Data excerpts
==*==
lemma raag_steps_move_left:
  assumes "\<forall>y\<in>set ys. E (fst y) a"
  shows "(raag_step V E)\<^sup>*\<^sup>* (xs @ ys @ [(a, t)] @ zs) (xs @ [(a, t)] @ ys @ zs)"
  using assms
proof (induction ys arbitrary: zs rule: rev_induct)
  case Nil
  then show ?case by simp
next
  case (snoc y ys)
  obtain u s where y: "y = (u, s)" by (cases y)
  have "raag_step V E (xs @ (ys @ [y]) @ [(a, t)] @ zs) (xs @ ys @ [(a, t)] @ y # zs)"
    using raag_step.swap[where E=E and u=u and v=a and xs="xs @ ys" and ys=zs and V=V] snoc.prems y
    by simp
  moreover have "(raag_step V E)\<^sup>*\<^sup>* (xs @ ys @ [(a, t)] @ y # zs) (xs @ [(a, t)] @ ys @ y # zs)"
    using snoc.IH[of "y # zs"] snoc.prems by simp
  ultimately show ?case by (simp add: converse_rtranclp_into_rtranclp)
qed

lemma split_opposite_letters:
  assumes "(a, True) \<in> set w" "(a, False) \<in> set w"
  shows "\<exists>xs t ys zs. w = xs @ (a, t) # ys @ (a, \<not> t) # zs \<and> a \<notin> letters ys"
  using assms
proof (induction w)
  case Nil
  then show ?case by simp
next
  case (Cons x w)
  show ?case
  proof (cases "(a, True) \<in> set w \<and> (a, False) \<in> set w")
    case True
    then obtain xs t ys zs where "w = xs @ (a, t) # ys @ (a, \<not> t) # zs" "a \<notin> letters ys"
      using Cons.IH by blast
    then show ?thesis by (metis append_Cons)
  next
    case False
    then obtain t where t: "(a, t) \<notin> set w" by blast
    then have x: "x = (a, t)" and "(a, \<not> t) \<in> set w"
      using Cons.prems by (cases t; auto)+
    then obtain ys p zs where w: "w = ys @ p # zs" "fst p = a" "\<forall>y\<in>set ys. fst y \<noteq> a"
      using split_list_first_prop[of w "\<lambda>p. fst p = a"] by fastforce
    then have "p = (a, \<not> t)"
      using t by (cases p) auto
    then have "x # w = [] @ (a, t) # ys @ (a, \<not> t) # zs \<and> a \<notin> letters ys"
      using x w by auto
    then show ?thesis by blast
  qed
qed
lemma continuous_on_Eit: "continuous_on UNIV (Eit n)"
proof (induction n)
  case (Suc n)
  have "Eit (Suc n) = (\<lambda>\<kappa>. exp (Eit n \<kappa>) + \<kappa>)" by (simp add: fun_eq_iff Eit_Suc)
  then show ?case using Suc by (auto intro!: continuous_intros)
qed (simp add: Eit_def)

lemma has_field_derivative_Eit: "(Eit n has_field_derivative dEit n \<kappa>) (at \<kappa>)"
proof (induction n arbitrary: \<kappa>)
  case (Suc n)
  have "Eit (Suc n) = (\<lambda>\<kappa>. exp (Eit n \<kappa>) + \<kappa>)" by (simp add: fun_eq_iff Eit_Suc)
  then show ?case using Suc by (auto intro!: derivative_eq_intros)
qed (simp add: fun_eq_iff[of "Eit 0" "\<lambda>\<kappa>. \<kappa>", THEN iffD2])

lemma continuous_on_dEit: "continuous_on UNIV (dEit n)"
proof (induction n)
  case (Suc n)
  have "dEit (Suc n) = (\<lambda>\<kappa>. exp (Eit n \<kappa>) * dEit n \<kappa> + 1)" by (simp add: fun_eq_iff)
  then show ?case using Suc continuous_on_Eit[of n] by (auto intro!: continuous_intros)
qed simp

lemma deriv_Eit: "deriv (Eit n) \<kappa> = dEit n \<kappa>"
  using has_field_derivative_Eit by (rule DERIV_imp_deriv)

text \<open>Near a parameter \<kappa>0 with |(E^N)'(\<kappa>0)| \<ge> 2, E^N does not contract distances and has
  image of diameter at most 5: E^N(\<kappa>) - (E^N)'(\<kappa>0) \<kappa> is 1-Lipschitz on a small ball.\<close>
lemma local_expansion:
  assumes "norm (dEit N \<kappa>0) \<ge> 2"
  obtains r where "r > 0" "\<And>\<kappa> \<kappa>'. \<kappa> \<in> ball \<kappa>0 r \<Longrightarrow> \<kappa>' \<in> ball \<kappa>0 r \<Longrightarrow>
      norm (\<kappa> - \<kappa>') \<le> norm (Eit N \<kappa> - Eit N \<kappa>') \<and> norm (Eit N \<kappa> - Eit N \<kappa>') \<le> 5"
proof -
  have "isCont (dEit N) \<kappa>0" "isCont (Eit N) \<kappa>0"
    using continuous_on_dEit[of N] continuous_on_Eit[of N]
    by (simp_all add: continuous_on_eq_continuous_at)
  then obtain r1 r2 where r: "r1 > 0" "r2 > 0"
    and r1: "\<And>\<kappa>. dist \<kappa> \<kappa>0 < r1 \<Longrightarrow> dist (dEit N \<kappa>) (dEit N \<kappa>0) < 1"
    and r2: "\<And>\<kappa>. dist \<kappa> \<kappa>0 < r2 \<Longrightarrow> dist (Eit N \<kappa>) (Eit N \<kappa>0) < 2"
    unfolding continuous_at_eps_delta by (metis zero_less_one zero_less_numeral)
  define r where "r = min r1 r2"
  have "norm (\<kappa> - \<kappa>') \<le> norm (Eit N \<kappa> - Eit N \<kappa>') \<and> norm (Eit N \<kappa> - Eit N \<kappa>') \<le> 5"
    if \<kappa>: "\<kappa> \<in> ball \<kappa>0 r" and \<kappa>': "\<kappa>' \<in> ball \<kappa>0 r" for \<kappa> \<kappa>'
  proof
    let ?g = "\<lambda>z. Eit N z - dEit N \<kappa>0 * z"
    have "norm (?g \<kappa> - ?g \<kappa>') \<le> 1 * norm (\<kappa> - \<kappa>')"
    proof (rule field_differentiable_bound[OF convex_ball])
      fix z assume z: "z \<in> ball \<kappa>0 r"
      show "(?g has_field_derivative (dEit N z - dEit N \<kappa>0)) (at z within ball \<kappa>0 r)"
        by (auto intro!: derivative_eq_intros has_field_derivative_Eit[THEN has_field_derivative_at_within])
      show "norm (dEit N z - dEit N \<kappa>0) \<le> 1"
        using r1[of z] z by (simp add: r_def dist_norm norm_minus_commute)
    qed (use \<kappa> \<kappa>' in auto)
    moreover have "2 * norm (\<kappa> - \<kappa>') \<le> norm (dEit N \<kappa>0 * (\<kappa> - \<kappa>'))"
      using assms unfolding norm_mult by (intro mult_right_mono) auto
    moreover have "Eit N \<kappa> - Eit N \<kappa>' = dEit N \<kappa>0 * (\<kappa> - \<kappa>') + (?g \<kappa> - ?g \<kappa>')"
      by (simp add: algebra_simps)
    then have "norm (dEit N \<kappa>0 * (\<kappa> - \<kappa>')) - norm (?g \<kappa> - ?g \<kappa>') \<le> norm (Eit N \<kappa> - Eit N \<kappa>')"
      by (metis norm_diff_ineq)
    ultimately show "norm (\<kappa> - \<kappa>') \<le> norm (Eit N \<kappa> - Eit N \<kappa>')" by linarith
    have "dist (Eit N \<kappa>) (Eit N \<kappa>0) < 2" "dist (Eit N \<kappa>') (Eit N \<kappa>0) < 2"
      using r2[of \<kappa>] r2[of \<kappa>'] \<kappa> \<kappa>' by (auto simp: r_def dist_commute)
    then show "norm (Eit N \<kappa> - Eit N \<kappa>') \<le> 5"
      using dist_triangle2[of "Eit N \<kappa>" "Eit N \<kappa>'" "Eit N \<kappa>0"] by (simp add: dist_norm)
  qed
  moreover have "r > 0" using r by (simp add: r_def)
  ultimately show ?thesis using that by blast
qed
(* Let $N\ge1$, $R>0$, $m>1$, $p>1$, $\alpha,\beta\in\mathbb R$. Let $a:[0,\infty)\to(0,\infty)$ be continuous with $c_1\le a(t)\le c_2$ for all $t\ge 0$, for some constants $0<c_1\le c_2$, and let $g:[0,\infty)\to[0,\infty)$ be continuous. If $$\gamma>0,\qquad N+\beta>0,\qquad \beta-\alpha+m\le 0,$$ then the problem $$-\Big(\frac{r^{N+\alpha-1}|v'(r)|^{m-2}v'(r)}{(a(r)+g(v(r)))^\gamma}\Big)'=r^{N+\beta-1}v^p(r),\ 0<r<R,\qquad v'(0)=0,\ v(R)=0,$$ has no positive solutions.
   Context: A positive solution is a function $v$, positive on $[0,R)$, with $v\in C^1[0,R)\cap C[0,R]$, such that $r\mapsto r^{N+\alpha-1}|v'(r)|^{m-2}v'(r)\,[a(r)+g(v(r))]^{-\gamma}$ belongs to $C^1(0,R)$ and $v$ satisfies the displayed equation and boundary conditions. *)

theory Defs
  imports "HOL-Analysis.Analysis"
begin

definition flux :: "nat \<Rightarrow> real \<Rightarrow> real \<Rightarrow> real \<Rightarrow> (real \<Rightarrow> real) \<Rightarrow> (real \<Rightarrow> real)
    \<Rightarrow> (real \<Rightarrow> real) \<Rightarrow> (real \<Rightarrow> real) \<Rightarrow> real \<Rightarrow> real" where
  "flux N \<alpha> m \<gamma> a g v v' r =
     r powr (real N + \<alpha> - 1) * \<bar>v' r\<bar> powr (m - 2) * v' r / (a r + g (v r)) powr \<gamma>"

definition positive_solution :: "nat \<Rightarrow> real \<Rightarrow> real \<Rightarrow> real \<Rightarrow> real \<Rightarrow> real
    \<Rightarrow> (real \<Rightarrow> real) \<Rightarrow> (real \<Rightarrow> real) \<Rightarrow> real \<Rightarrow> (real \<Rightarrow> real) \<Rightarrow> bool" where
  "positive_solution N \<alpha> \<beta> m p \<gamma> a g R v \<longleftrightarrow>
     (\<forall>r\<in>{0..<R}. v r > 0) \<and>
     continuous_on {0..R} v \<and>
     (\<exists>v'. (\<forall>r\<in>{0..<R}. (v has_real_derivative v' r) (at r within {0..<R})) \<and>
           continuous_on {0..<R} v' \<and>
           v' 0 = 0 \<and>
           (\<exists>w'. (\<forall>r\<in>{0<..<R}. (flux N \<alpha> m \<gamma> a g v v' has_real_derivative w' r) (at r)) \<and>
                 continuous_on {0<..<R} w' \<and>
                 (\<forall>r\<in>{0<..<R}. - w' r = r powr (real N + \<beta> - 1) * v r powr p))) \<and>
     v R = 0"

end

theory Submission
  imports Defs
begin

text \<open>
  Write \<open>\<Phi>\<close> for the flux. Since \<open>v'\<close> is bounded near \<open>0\<close> and \<open>N + \<alpha> - 1 > 0\<close>, \<open>\<Phi>(0+) = 0\<close>;
  as \<open>-\<Phi>\<close> is increasing, \<open>\<Phi> \<le> 0\<close>, so \<open>v' \<le> 0\<close> and \<open>v\<close> is decreasing. Integrating the
  equation and using monotonicity of \<open>v\<close> gives \<open>-\<Phi>(t) \<ge> v(t)\<^sup>p t\<^bsup>N+\<beta>\<^esup> / (N + \<beta>)\<close>, and since
  \<open>a + g(v) \<ge> c\<^sub>1\<close> this turns into \<open>|v'(t)|\<^bsup>m-1\<^esup> \<ge> C v(t)\<^sup>p t\<^bsup>\<beta>-\<alpha>+1\<^esup>\<close>. As \<open>v\<close> decreases
  and \<open>\<beta> - \<alpha> + m \<le> 0\<close>, this means \<open>-v'(t) \<ge> D / t\<close> on some \<open>(0, r]\<close>, so \<open>v\<close> grows like
  \<open>-D ln t\<close> at \<open>0\<close>, contradicting the continuity of \<open>v\<close> at \<open>0\<close>.
\<close>

lemma abs_powr_diff_mult_abs: "\<bar>x\<bar> powr (m - 2) * \<bar>x\<bar> = \<bar>x\<bar> powr (m - 1)" for x m :: real
proof (cases "x = 0")
  case False
  then have "\<bar>x\<bar> powr (m - 2) * \<bar>x\<bar> powr 1 = \<bar>x\<bar> powr (m - 2 + 1)"
    by (simp only: powr_add)
  then show ?thesis by simp
qed simp

lemma abs_powr_diff_mult_nonpos:
  fixes x m :: real
  assumes "x \<le> 0"
  shows "\<bar>x\<bar> powr (m - 2) * x = - (\<bar>x\<bar> powr (m - 1))"
proof -
  have "x = - \<bar>x\<bar>" using assms by simp
  then have "\<bar>x\<bar> powr (m - 2) * x = - (\<bar>x\<bar> powr (m - 2) * \<bar>x\<bar>)"
    by (metis mult_minus_right)
  then show ?thesis by (simp add: abs_powr_diff_mult_abs)
qed

lemma tendsto_powr_at_right_0:
  fixes e :: real
  assumes "0 < e"
  shows "((\<lambda>s. s powr e) \<longlongrightarrow> 0) (at_right 0)"
  by (rule tendsto_zero_powrI[where b = e])
    (auto intro: tendsto_ident_at eventually_at_rightI[where b = 1] simp: assms)

lemma DERIV_nonneg_imp_limit_at_right_le:
  fixes G G' :: "real \<Rightarrow> real"
  assumes "a < t" and lim: "(G \<longlongrightarrow> L) (at_right a)"
    and deriv: "\<And>x. a < x \<Longrightarrow> x \<le> t \<Longrightarrow> (G has_real_derivative G' x) (at x)"
    and nonneg: "\<And>x. a < x \<Longrightarrow> x < t \<Longrightarrow> 0 \<le> G' x"
  shows "L \<le> G t"
proof (rule tendsto_le[OF _ tendsto_const lim])
  show "\<forall>\<^sub>F s in at_right a. G s \<le> G t"
  proof (rule eventually_at_rightI[OF _ \<open>a < t\<close>])
    fix s assume s: "s \<in> {a<..<t}"
    have "continuous_on {s..t} G"
    proof (intro continuous_at_imp_continuous_on ballI)
      fix x assume "x \<in> {s..t}"
      then show "isCont G x" using s deriv[of x] by (auto intro: DERIV_isCont)
    qed
    then show "G s \<le> G t"
    proof (rule DERIV_nonneg_imp_increasing_open[rotated 2])
      fix x assume "s < x" "x < t"
      then show "\<exists>y. (G has_real_derivative y) (at x) \<and> 0 \<le> y"
        using s deriv nonneg by (intro exI[of _ "G' x"]) auto
    qed (use s in auto)
  qed
qed simp

lemma DERIV_ge_mult_powr_imp_ge:
  fixes G G' :: "real \<Rightarrow> real"
  assumes "0 < k" and "0 < t" and lim: "(G \<longlongrightarrow> 0) (at_right 0)"
    and deriv: "\<And>x. 0 < x \<Longrightarrow> x \<le> t \<Longrightarrow> (G has_real_derivative G' x) (at x)"
    and ge: "\<And>x. 0 < x \<Longrightarrow> x < t \<Longrightarrow> c * x powr (k - 1) \<le> G' x"
  shows "c * t powr k / k \<le> G t"
proof -
  let ?H = "\<lambda>x. G x - c * x powr k / k"
  have "(?H \<longlongrightarrow> 0 - c * 0 / k) (at_right 0)"
    by (intro tendsto_intros lim tendsto_powr_at_right_0 \<open>0 < k\<close>) (use \<open>0 < k\<close> in simp)
  then have "0 - c * 0 / k \<le> ?H t"
  proof (rule DERIV_nonneg_imp_limit_at_right_le[OF \<open>0 < t\<close>,
        where G' = "\<lambda>x. G' x - c * x powr (k - 1)"])
    fix x assume x: "0 < x" "x \<le> t"
    show "(?H has_real_derivative G' x - c * x powr (k - 1)) (at x)"
      using deriv[OF x] x \<open>0 < k\<close> by (auto intro!: derivative_eq_intros)
  next
    show "0 \<le> G' x - c * x powr (k - 1)" if "0 < x" "x < t" for x
      using ge[OF that] by simp
  qed
  then show ?thesis by simp
qed

lemma DERIV_le_neg_inverse_imp_unbounded:
  fixes v v' :: "real \<Rightarrow> real"
  assumes "0 < D" and "0 < r" and cont: "continuous_on {0<..r} v"
    and deriv: "\<And>x. 0 < x \<Longrightarrow> x < r \<Longrightarrow> (v has_real_derivative v' x) (at x)"
    and le: "\<And>x. 0 < x \<Longrightarrow> x < r \<Longrightarrow> v' x \<le> - D / x"
  shows "\<not> bdd_above (v ` {0<..r})"
proof
  assume "bdd_above (v ` {0<..r})"
  then obtain B where "\<forall>x\<in>{0<..r}. v x \<le> B"
    by (auto simp: bdd_above_def)
  then have B: "\<And>x. 0 < x \<Longrightarrow> x \<le> r \<Longrightarrow> v x \<le> B"
    by simp
  have log_growth: "v r + D * ln r \<le> v e + D * ln e" if e: "0 < e" "e \<le> r" for e
  proof (rule DERIV_nonpos_imp_decreasing_open[OF \<open>e \<le> r\<close>])
    show "continuous_on {e..r} (\<lambda>x. v x + D * ln x)"
      using e by (intro continuous_intros continuous_on_subset[OF cont]) auto
    fix x assume x: "e < x" "x < r"
    have "((\<lambda>x. v x + D * ln x) has_real_derivative v' x + D * (1 / x)) (at x)"
      using deriv[of x] x e by (auto intro!: derivative_eq_intros)
    moreover have "v' x + D * (1 / x) \<le> 0"
      using le[of x] x e by simp
    ultimately show "\<exists>y. ((\<lambda>x. v x + D * ln x) has_real_derivative y) (at x) \<and> y \<le> 0"
      by blast
  qed
  define e where "e = r * exp (- (B - v r + 1) / D)"
  have "v r \<le> B" using B[of r] \<open>0 < r\<close> by simp
  then have e: "0 < e" "e \<le> r"
    using \<open>0 < r\<close> \<open>0 < D\<close> by (auto simp: e_def mult_le_cancel_left1 divide_nonpos_pos)
  have "D * ln r = D * ln e + (B - v r + 1)"
    using \<open>0 < r\<close> \<open>0 < D\<close> by (simp add: e_def ln_mult field_simps)
  with log_growth[OF e] B[OF e] show False by linarith
qed

locale radial_solution =
  fixes N :: nat and \<alpha> \<beta> m p \<gamma> c R :: real and a g v v' :: "real \<Rightarrow> real"
  assumes R_pos: "0 < R" and m_gt_1: "1 < m" and p_nonneg: "0 \<le> p"
    and \<gamma>_nonneg: "0 \<le> \<gamma>" and c_pos: "0 < c"
    and N\<alpha>_pos: "0 < real N + \<alpha> - 1" and N\<beta>_pos: "0 < real N + \<beta>"
    and coeff_ge: "\<And>r. 0 \<le> r \<Longrightarrow> r < R \<Longrightarrow> c \<le> a r + g (v r)"
    and v_pos: "\<And>r. 0 \<le> r \<Longrightarrow> r < R \<Longrightarrow> 0 < v r"
    and v_cont: "continuous_on {0..R} v"
    and v_deriv: "\<And>r. 0 < r \<Longrightarrow> r < R \<Longrightarrow> (v has_real_derivative v' r) (at r)"
    and v'_cont: "continuous_on {0..<R} v'"
    and flux_deriv: "\<And>r. 0 < r \<Longrightarrow> r < R \<Longrightarrow>
      (flux N \<alpha> m \<gamma> a g v v' has_real_derivative - (r powr (real N + \<beta> - 1) * v r powr p)) (at r)"
begin

abbreviation \<Phi> :: "real \<Rightarrow> real" where
  "\<Phi> \<equiv> flux N \<alpha> m \<gamma> a g v v'"

lemma coeff_powr_ge: "0 \<le> r \<Longrightarrow> r < R \<Longrightarrow> c powr \<gamma> \<le> (a r + g (v r)) powr \<gamma>"
  using coeff_ge c_pos \<gamma>_nonneg by (intro powr_mono2) auto
lemma ETF_Welch_identity:
  fixes V :: "real^'k^'m"
  assumes "is_ETF V"
  obtains c where "0 \<le> c" and "\<And>p q. p \<noteq> q \<Longrightarrow> \<bar>column p V \<bullet> column q V\<bar> = c"
    and "1 + (real CARD('k) - 1) * c\<^sup>2 = real CARD('k) / real CARD('m)"
proof -
  obtain c0 where c0: "\<forall>p q. p \<noteq> q \<longrightarrow> \<bar>column p V \<bullet> column q V\<bar> = c0"
    using assms unfolding is_ETF_def by blast
  \<comment> \<open>with a single column c0 is unconstrained, hence the absolute value\<close>
  define c where "c = \<bar>c0\<bar>"
  have offdiag: "\<bar>column p V \<bullet> column q V\<bar> = c" if "p \<noteq> q" for p q
    using c0 that unfolding c_def by (metis abs_idempotent)
  fix p :: 'k
  have "real CARD('k) / real CARD('m) = (\<Sum>q\<in>UNIV. (column p V \<bullet> column q V)\<^sup>2)"
    using tight_frame_sum_inner_sq[OF ETF_tight[OF assms], of "column p V"]
    by (simp add: ETF_inner_column_self[OF assms])
  also have "\<dots> = 1 + (\<Sum>q\<in>UNIV - {p}. (column p V \<bullet> column q V)\<^sup>2)"
    by (simp add: sum.remove[of UNIV p] ETF_inner_column_self[OF assms])
  also have "\<dots> = 1 + (\<Sum>q\<in>UNIV - {p}. c\<^sup>2)"
    by (intro arg_cong2[where f = "(+)"] sum.cong refl) (metis offdiag power2_abs DiffD2 singletonI)
  also have "\<dots> = 1 + (real CARD('k) - 1) * c\<^sup>2"
    by (simp add: of_nat_diff)
  finally show thesis
    using that[of c] offdiag unfolding c_def by simp
qed

lemma ETF_card_le:
  fixes V :: "real^'k^'m"
  assumes "is_ETF V"
  shows "CARD('m) \<le> CARD('k)"
proof -
  obtain c where "1 + (real CARD('k) - 1) * c\<^sup>2 = real CARD('k) / real CARD('m)"
    using ETF_Welch_identity[OF assms] by metis
  moreover have "0 \<le> (real CARD('k) - 1) * c\<^sup>2"
    using zero_less_card_finite[where 'a = 'k] by (intro mult_nonneg_nonneg) simp_all
  ultimately have "1 \<le> real CARD('k) / real CARD('m)"
    by linarith
  then show ?thesis
    by (simp add: field_simps)
qed

lemma ETF_sum_abs_inner_coherence:
  fixes V :: "real^'k^'m"
  assumes "is_ETF V" and offdiag: "\<And>p q. p \<noteq> q \<Longrightarrow> \<bar>column p V \<bullet> column q V\<bar> = c"
  shows "(\<Sum>q\<in>UNIV. \<bar>column p V \<bullet> column q V\<bar>) = 1 + (real CARD('k) - 1) * c"
proof -
  have "(\<Sum>q\<in>UNIV. \<bar>column p V \<bullet> column q V\<bar>) = 1 + (\<Sum>q\<in>UNIV - {p}. \<bar>column p V \<bullet> column q V\<bar>)"
    by (simp add: sum.remove[of UNIV p] ETF_inner_column_self[OF assms(1)])
  also have "\<dots> = 1 + (\<Sum>q\<in>UNIV - {p}. c)"
    by (intro arg_cong2[where f = "(+)"] sum.cong refl) (simp add: offdiag)
  also have "\<dots> = 1 + (real CARD('k) - 1) * c"
    by (simp add: of_nat_diff)
  finally show ?thesis .
qed

lemma ETF_sum_abs_inner:
  fixes V :: "real^'k^'m"
  assumes "is_ETF V"
  shows "(\<Sum>q\<in>UNIV. \<bar>column p V \<bullet> column q V\<bar>) = real CARD('k) / real CARD('m) * delta CARD('m) CARD('k)"
proof -
  let ?k = "real CARD('k)" and ?m = "real CARD('m)"
  obtain c where c0: "0 \<le> c" and offdiag: "\<And>p q. p \<noteq> q \<Longrightarrow> \<bar>column p V \<bullet> column q V\<bar> = c"
    and Welch: "1 + (?k - 1) * c\<^sup>2 = ?k / ?m"
    using ETF_Welch_identity[OF assms] by metis
  have sum_eq: "(\<Sum>q\<in>UNIV. \<bar>column p V \<bullet> column q V\<bar>) = 1 + (?k - 1) * c"
    using ETF_sum_abs_inner_coherence[OF assms offdiag] .
  have "((?k - 1) * c)\<^sup>2 = (?k - 1) * ((?k - 1) * c\<^sup>2)"
    by (simp add: power2_eq_square)
  also have "(?k - 1) * c\<^sup>2 = (?k - ?m) / ?m"
    using Welch by (simp add: field_simps)
  also have "(?k - 1) * ((?k - ?m) / ?m) = (?k - 1) * (?k - ?m) / ?m"
    by simp
  finally have sq: "((?k - 1) * c)\<^sup>2 = (?k - 1) * (?k - ?m) / ?m" .
  have "0 \<le> (?k - 1) * c"
    using c0 zero_less_card_finite[where 'a = 'k] by (intro mult_nonneg_nonneg) simp_all
  with sq have "sqrt ((?k - 1) * (?k - ?m) / ?m) = (?k - 1) * c"
    by (metis real_sqrt_unique)
  then show ?thesis
    unfolding sum_eq delta_def by simp
qed

section \<open>Sign balance\<close>

definition sign_balanced :: "real^'m \<Rightarrow> real^'n^'m \<Rightarrow> bool" where
  "sign_balanced x X \<longleftrightarrow>
     (\<Sum>q\<in>UNIV. sgn (x \<bullet> column q X) *\<^sub>R column q X) = (\<Sum>q\<in>UNIV. \<bar>x \<bullet> column q X\<bar>) *\<^sub>R x"
(* In the asynchronous online testing setting described in the context, suppose that the null $p$-values are independent of each other and of the non-null $p$-values, and that the test levels $\alpha_t$ (and candidacy thresholds $\lambda_t$) are monotone. Then $\mathrm{LORD}_{\mathrm{async}}$ and $\mathrm{SAFFRON}_{\mathrm{async}}$ with target level $\alpha$ both guarantee $\mathrm{FDR}(t)\le\alpha$ for all $t\in\mathbb{N}$.
   Context: Hypotheses $H_1,H_2,\dots$ are tested; the test of $H_t$ starts at step $t$ with test level $\alpha_t\ge0$ (and, for SAFFRON-type procedures, a candidacy threshold $\lambda_t$ with $\alpha_t\le\lambda_t<1$) and produces a $p$-value $P_t$; if $H_t$ is a true null, $P_t$ is super-uniform: $\mathbb{P}(P_t\le u)\le u$ for all $u\in[0,1]$. $\mathcal{H}^0$ is the fixed set of true null indices. Test $t$ has a fixed decision time $E_t\ge t$. For each step $s$, let $\mathcal{R}_s=\{i\in[s]: E_i=s,\ P_i\le\alpha_i\}$ and $\mathcal{C}_s=\{i\in[s]:E_i=s,\ P_i\le\lambda_i\}$. In $\mathrm{LORD}_{\mathrm{async}}$, $\alpha_t=f_t(\mathcal{R}_1,\dots,\mathcal{R}_{t-1})$ for deterministic functions $f_t$, chosen so that for all $t$, $\sum_{j\le t}\alpha_j\le\alpha\big((\sum_{j\le t}\mathbf{1}\{P_j\le\alpha_j,\ E_j<t\})\vee1\big)$. In $\mathrm{SAFFRON}_{\mathrm{async}}$, $\alpha_t=g_t(\mathcal{R}_1,\mathcal{C}_1,\dots,\mathcal{R}_{t-1},\mathcal{C}_{t-1})$ and $\lambda_t=h_t(\mathcal{R}_1,\mathcal{C}_1,\dots,\mathcal{R}_{t-1},\mathcal{C}_{t-1})$ for deterministic $g_t,h_t$, chosen so that for all $t$, $\sum_{j\le t}\frac{\alpha_j}{1-\lambda_j}\big(\mathbf{1}\{P_j>\lambda_j,\ E_j<t\}+\mathbf{1}\{E_j\ge t\}\big)\le\alpha\big((\sum_{j\le t}\mathbf{1}\{P_j\le\alpha_j,\ E_j<t\})\vee1\big)$. Monotone means: each of $f_t$ (resp. $g_t,h_t$) does not decrease when any argument $\mathcal{R}_i$ (or $\mathcal{C}_i$) is replaced by a superset, the other arguments fixed. $\mathcal{R}(t)=\{i\in[t]:E_i\le t,\ P_i\le\alpha_i\}$, $\mathcal{V}(t)=\mathcal{R}(t)\cap\mathcal{H}^0$, and $\mathrm{FDR}(t)=\mathbb{E}\big[|\mathcal{V}(t)|/(|\mathcal{R}(t)|\vee1)\big]$. *)

theory Defs
  imports "HOL-Probability.Probability"
begin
==*==
Would you please filter the lines above and copy every one that includes "induction"?

— ANSWER SPACE —
proof (induction ys arbitrary: zs rule: rev_induct)
proof (induction w)
proof (induction n)
proof (induction n arbitrary: \<kappa>)
proof (induction n)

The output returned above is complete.